How to complete this task
When the line containing "j j' \<longleftrightarrow>" appears in the entries below, begin printing there and stop after the line containing "of the coordinate set. *)"; print each of those lines exactly and no other line.

Data records
=-=-=

(* Let $\mathbb{K}$ be a field, $k\ge1$, and let $\mathcal{C}\subseteq\mathbb{K}^{2k}$ be a self-dual code with generator matrix $G\in\mathbb{K}^{k\times 2k}$ having no two proportional columns, so that $\Pi_G$ consists of $2k$ distinct points of $\mathbb{P}^{k-1}(\overline{\mathbb{K}})$. Then $\Pi_G$ fails by exactly $\mathrm{nb}(\mathcal{C})$ to impose independent conditions on quadrics; equivalently, $$\mathrm{gd}(\Pi_G)=2k-\dim_{\mathbb{K}}(\mathcal{C}^{(2)})-1=\mathrm{nb}(\mathcal{C})-1.$$
   Context: A linear code of length $n$ over $\mathbb{K}$ is a $\mathbb{K}$-subspace $\mathcal{C}\subseteq\mathbb{K}^n$; self-dual means $\mathcal{C}=\mathcal{C}^\perp$ for the standard bilinear form. $\overline{\mathbb{K}}$ is an algebraic closure of $\mathbb{K}$. For a generator matrix $G$ of $\mathcal{C}$, $\Pi_G\subseteq\mathbb{P}^{k-1}(\overline{\mathbb{K}})$ is the set of points represented by the columns of $G$. The Schur square $\mathcal{C}^{(2)}$ is the span of all componentwise products $c\ast c'=(c_1c'_1,\dots,c_nc'_n)$, $c,c'\in\mathcal{C}$. A set of $N$ points in $\mathbb{P}^{k-1}(\overline{\mathbb{K}})$ fails by $m$ to impose independent conditions on quadrics if the space of quadratic forms in $\overline{\mathbb{K}}[x_1,\dots,x_k]_2$ vanishing on it has dimension $\binom{k+1}{2}-(N-m)$. For $2k$ points failing by $m$, the Gorenstein defect is $\mathrm{gd}=m-1$. Codes are equivalent if they differ by a coordinate permutation; a code is decomposable if equivalent to a direct sum $\{(c_1,c_2):c_i\in\mathcal{C}_i\}$ of two nontrivial codes, indecomposable otherwise; $\mathrm{nb}(\mathcal{C})$ is the number of indecomposable blocks in a decomposition of $\mathcal{C}$ into a direct sum of indecomposable codes (an invariant of $\mathcal{C}$). *)

theory Defs
  imports "HOL-Algebra.Algebraic_Closure_Type" "HOL-Library.Function_Algebras"
          "HOL-Library.Disjoint_Sets"
begin

(* Vectors of K^n are functions nat => K supported on {..<n}; more generally a code
   on a finite coordinate set I is a K-subspace of functions supported on I. *)

definition scal :: "'a::field \<Rightarrow> (nat \<Rightarrow> 'a) \<Rightarrow> (nat \<Rightarrow> 'a)" where
  "scal c v = (\<lambda>j. c * v j)"

definition vdim :: "(nat \<Rightarrow> 'a::field) set \<Rightarrow> nat" where
  "vdim S = vector_space.dim scal S"

definition supported_on :: "nat set \<Rightarrow> (nat \<Rightarrow> 'a::zero) \<Rightarrow> bool" where
  "supported_on I v \<longleftrightarrow> (\<forall>j. j \<notin> I \<longrightarrow> v j = 0)"

definition is_code :: "nat set \<Rightarrow> (nat \<Rightarrow> 'a::field) set \<Rightarrow> bool" where
  "is_code I C \<longleftrightarrow> module.subspace scal C \<and> (\<forall>v\<in>C. supported_on I v)"

definition dot :: "nat \<Rightarrow> (nat \<Rightarrow> 'a::field) \<Rightarrow> (nat \<Rightarrow> 'a) \<Rightarrow> 'a" where
  "dot n u v = (\<Sum>j<n. u j * v j)"

definition dual_code :: "nat \<Rightarrow> (nat \<Rightarrow> 'a::field) set \<Rightarrow> (nat \<Rightarrow> 'a) set" where
  "dual_code n C = {v. supported_on {..<n} v \<and> (\<forall>c\<in>C. dot n v c = 0)}"

definition self_dual :: "nat \<Rightarrow> (nat \<Rightarrow> 'a::field) set \<Rightarrow> bool" where
  "self_dual n C \<longleftrightarrow> is_code {..<n} C \<and> C = dual_code n C"

(* G is a k x n matrix: entries G i j for i < k, j < n *)
definition rowspace :: "nat \<Rightarrow> nat \<Rightarrow> (nat \<Rightarrow> nat \<Rightarrow> 'a::field) \<Rightarrow> (nat \<Rightarrow> 'a) set" where
  "rowspace k n G = {(\<lambda>j. if j < n then (\<Sum>i<k. c i * G i j) else 0) | c. True}"

definition rows_independent :: "nat \<Rightarrow> nat \<Rightarrow> (nat \<Rightarrow> nat \<Rightarrow> 'a::field) \<Rightarrow> bool" where
  "rows_independent k n G \<longleftrightarrow>
     (\<forall>c. (\<forall>j<n. (\<Sum>i<k. c i * G i j) = 0) \<longrightarrow> (\<forall>i<k. c i = 0))"

definition generator_matrix ::
  "nat \<Rightarrow> nat \<Rightarrow> (nat \<Rightarrow> nat \<Rightarrow> 'a::field) \<Rightarrow> (nat \<Rightarrow> 'a) set \<Rightarrow> bool" where
  "generator_matrix k n G C \<longleftrightarrow> C = rowspace k n G \<and> rows_independent k n G"

definition proportional_columns :: "nat \<Rightarrow> (nat \<Rightarrow> nat \<Rightarrow> 'a::field) \<Rightarrow> nat \<Rightarrow> nat \<Rightarrow> bool" where
  "proportional_columns k G j j' \<longleftrightarrow>
     (\<exists>a. \<forall>i<k. G i j = a * G i j') \<or> (\<exists>a. \<forall>i<k. G i j' = a * G i j)"

definition no_two_proportional_columns :: "nat \<Rightarrow> nat \<Rightarrow> (nat \<Rightarrow> nat \<Rightarrow> 'a::field) \<Rightarrow> bool" where
  "no_two_proportional_columns k n G \<longleftrightarrow>
     (\<forall>j<n. \<forall>j'<n. j \<noteq> j' \<longrightarrow> \<not> proportional_columns k G j j')"

definition schur_square :: "(nat \<Rightarrow> 'a::field) set \<Rightarrow> (nat \<Rightarrow> 'a) set" where
  "schur_square C = module.span scal {(\<lambda>j. u j * v j) | u v. u \<in> C \<and> v \<in> C}"

(* Direct-sum decompositions, up to coordinate permutation, expressed via partitions
   of the coordinate set. *)
definition proj :: "nat set \<Rightarrow> (nat \<Rightarrow> 'a::zero) \<Rightarrow> (nat \<Rightarrow> 'a)" where
  "proj B v = (\<lambda>j. if j \<in> B then v j else 0)"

=-=-=

Final answer
  "proportional_columns k G j j' \<longleftrightarrow>
     (\<exists>a. \<forall>i<k. G i j = a * G i j') \<or> (\<exists>a. \<forall>i<k. G i j' = a * G i j)"

definition no_two_proportional_columns :: "nat \<Rightarrow> nat \<Rightarrow> (nat \<Rightarrow> nat \<Rightarrow> 'a::field) \<Rightarrow> bool" where
  "no_two_proportional_columns k n G \<longleftrightarrow>
     (\<forall>j<n. \<forall>j'<n. j \<noteq> j' \<longrightarrow> \<not> proportional_columns k G j j')"

definition schur_square :: "(nat \<Rightarrow> 'a::field) set \<Rightarrow> (nat \<Rightarrow> 'a) set" where
  "schur_square C = module.span scal {(\<lambda>j. u j * v j) | u v. u \<in> C \<and> v \<in> C}"

(* Direct-sum decompositions, up to coordinate permutation, expressed via partitions
   of the coordinate set. *)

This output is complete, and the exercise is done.